_WORK TO COMPLETE_
Look through the data below. Pick out the lines holding the string "Longrightarrow".

_MATERIAL FOR THE TASK_
--
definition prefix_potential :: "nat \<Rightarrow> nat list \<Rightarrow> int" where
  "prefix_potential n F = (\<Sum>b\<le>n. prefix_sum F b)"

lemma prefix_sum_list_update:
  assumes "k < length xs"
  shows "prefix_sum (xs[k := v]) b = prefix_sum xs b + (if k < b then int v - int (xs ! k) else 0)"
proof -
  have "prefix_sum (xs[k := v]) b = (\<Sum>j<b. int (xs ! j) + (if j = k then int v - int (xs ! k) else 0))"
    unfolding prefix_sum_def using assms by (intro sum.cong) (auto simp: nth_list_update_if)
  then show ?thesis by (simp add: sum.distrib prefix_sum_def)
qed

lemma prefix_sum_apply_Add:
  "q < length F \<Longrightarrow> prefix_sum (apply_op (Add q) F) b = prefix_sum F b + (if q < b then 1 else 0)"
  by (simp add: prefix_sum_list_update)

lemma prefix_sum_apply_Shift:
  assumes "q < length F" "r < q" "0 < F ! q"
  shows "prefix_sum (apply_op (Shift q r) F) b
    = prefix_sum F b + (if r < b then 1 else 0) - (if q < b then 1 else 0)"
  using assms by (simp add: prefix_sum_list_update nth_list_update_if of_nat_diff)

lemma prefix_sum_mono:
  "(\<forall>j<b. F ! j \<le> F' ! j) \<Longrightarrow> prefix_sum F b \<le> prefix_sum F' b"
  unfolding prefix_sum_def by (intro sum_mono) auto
--
_SOLUTION TO THE EXERCISE_
  "q < length F \<Longrightarrow> prefix_sum (apply_op (Add q) F) b = prefix_sum F b + (if q < b then 1 else 0)"
  "(\<forall>j<b. F ! j \<le> F' ! j) \<Longrightarrow> prefix_sum F b \<le> prefix_sum F' b"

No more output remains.